1989 Nigerien constitutional referendum
| 24 September 1989 |

Results
| Choice | Votes | % |
| Yes | 3,275,737 | 99.28% |
| No | 23,713 | 0.72% |
| Valid votes | 3,299,450 | 99.78% |
| Invalid or blank votes | 7,425 | 0.22% |
| Total votes | 3,306,875 | 100.00% |
| Registered voters/turnout | 3,477,874 | 95.08% |

= 1989 Nigerien constitutional referendum =

Constitutional referendum held in Niger

A constitutional referendum was held in Niger on 24 September 1989. The new constitution would make the country a one-party state with the National Movement for the Society of Development as the sole legal party. The government would have a presidential system, as well as the continued involvement of the Armed Forces, which had ruled the country since the military coup in 1974.

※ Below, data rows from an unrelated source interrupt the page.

(* For all $\mu>0$, $x\ge 0$ and $y>0$, $$\frac{P_{\mu+1}(x,y)}{P_{\mu}(x,y)}<c_{\mu+1}(x,y).$$
   Context: For $\mu>0$, $x>0$, $y\ge0$, the generalized Marcum $P$-function is $P_{\mu}(x,y)=x^{\frac12(1-\mu)}\int_0^{y} t^{\frac12(\mu-1)}e^{-t-x}I_{\mu-1}(2\sqrt{xt})\,dt$ ($I_\nu$ the modified Bessel function of the first kind); at $x=0$ it is defined by continuity, $P_\mu(0,y)=\gamma(\mu,y)/\Gamma(\mu)$ with $\gamma(\mu,y)=\int_0^y t^{\mu-1}e^{-t}dt$. For $x>0$, $y>0$, $c_{\mu}(x,y)=\sqrt{y/x}\,I_{\mu}(2\sqrt{xy})/I_{\mu-1}(2\sqrt{xy})$, and $c_\mu(0,y)=y/\mu$ (its limit as $x\to0^+$). *)

theory Defs
  imports "HOL-Analysis.Analysis"
begin

text \<open>At z = 0 we use the limiting value (1 if nu = 0, else 0; only nu > -1 matters here).\<close>
definition bessel_I :: "real \<Rightarrow> real \<Rightarrow> real" where
  "bessel_I nu z =
     (if z = 0 then (if nu = 0 then 1 else 0)
      else (z / 2) powr nu * (\<Sum>k. (z / 2) ^ (2 * k) / (fact k * Gamma (real k + nu + 1))))"

definition lower_gamma :: "real \<Rightarrow> real \<Rightarrow> real" where
  "lower_gamma mu y = integral {0..y} (\<lambda>t. t powr (mu - 1) * exp (- t))"

definition marcumP :: "real \<Rightarrow> real \<Rightarrow> real \<Rightarrow> real" where
  "marcumP mu x y =
     (if x = 0 then lower_gamma mu y / Gamma mu
      else x powr ((1 - mu) / 2) *
        integral {0..y} (\<lambda>t. t powr ((mu - 1) / 2) * exp (- t - x) * bessel_I (mu - 1) (2 * sqrt (x * t))))"

definition marcum_c :: "real \<Rightarrow> real \<Rightarrow> real \<Rightarrow> real" where
  "marcum_c mu x y =
     (if x = 0 then y / mu
      else sqrt (y / x) * bessel_I mu (2 * sqrt (x * y)) / bessel_I (mu - 1) (2 * sqrt (x * y)))"

end

theory Submission
  imports Defs
begin

text \<open>
  Write e_m(x) = sum_{j<=m} x^j/j! for the truncated exponential series.
  Differentiating e^{-x-t} t^mu sum_m e_m(x) t^m / Gamma(m+mu+1) in t gives the integrand
  of P_mu(x,.), so P_mu(x,y) = e^{-x-y} y^mu sum_m u_m with u_m = e_m(x) y^m / Gamma(m+mu+1).
  Since Gamma(m+mu+2) = (m+mu+1) Gamma(m+mu+1), this turns P_{mu+1}/P_mu into
  y sum_m u_m r_m / sum_m u_m with r_m = 1/(m+mu+1), while the Bessel series turn c_{mu+1}
  into y sum_k v_k r_k / sum_k v_k with v_k = (xy)^k / (k! Gamma(k+mu+1)).
  Both are weighted means of the decreasing sequence r, and u_m/v_m = e_m(x) m!/x^m
  increases with m, so the u-weights put more mass on the small values of r;
  a Chebyshev-type sum inequality makes this strict.
\<close>

lemma Gamma_plus1_of_pos: "(z::real) > 0 \<Longrightarrow> Gamma (z + 1) = z * Gamma z"
  by (rule Gamma_plus1) (auto elim!: nonpos_Ints_cases)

It was approved by 99.3% of voters with a 94.9% turnout. The first elections under the new constitution were held later in the year on 12 December.

==Results==

| Choice |  | Votes | % |
| For |  | 3,275,737 | 99.28 |
| Against |  | 23,713 | 0.72 |
| Total |  | 3,299,450 | 100.00 |
| Valid votes |  | 3,299,450 | 99.78 |
| Invalid/blank votes |  | 7,425 | 0.22 |
| Total votes |  | 3,306,875 | 100.00 |
| Registered voters/turnout |  | 3,477,874 | 95.08 |
Source: Nohlen et al.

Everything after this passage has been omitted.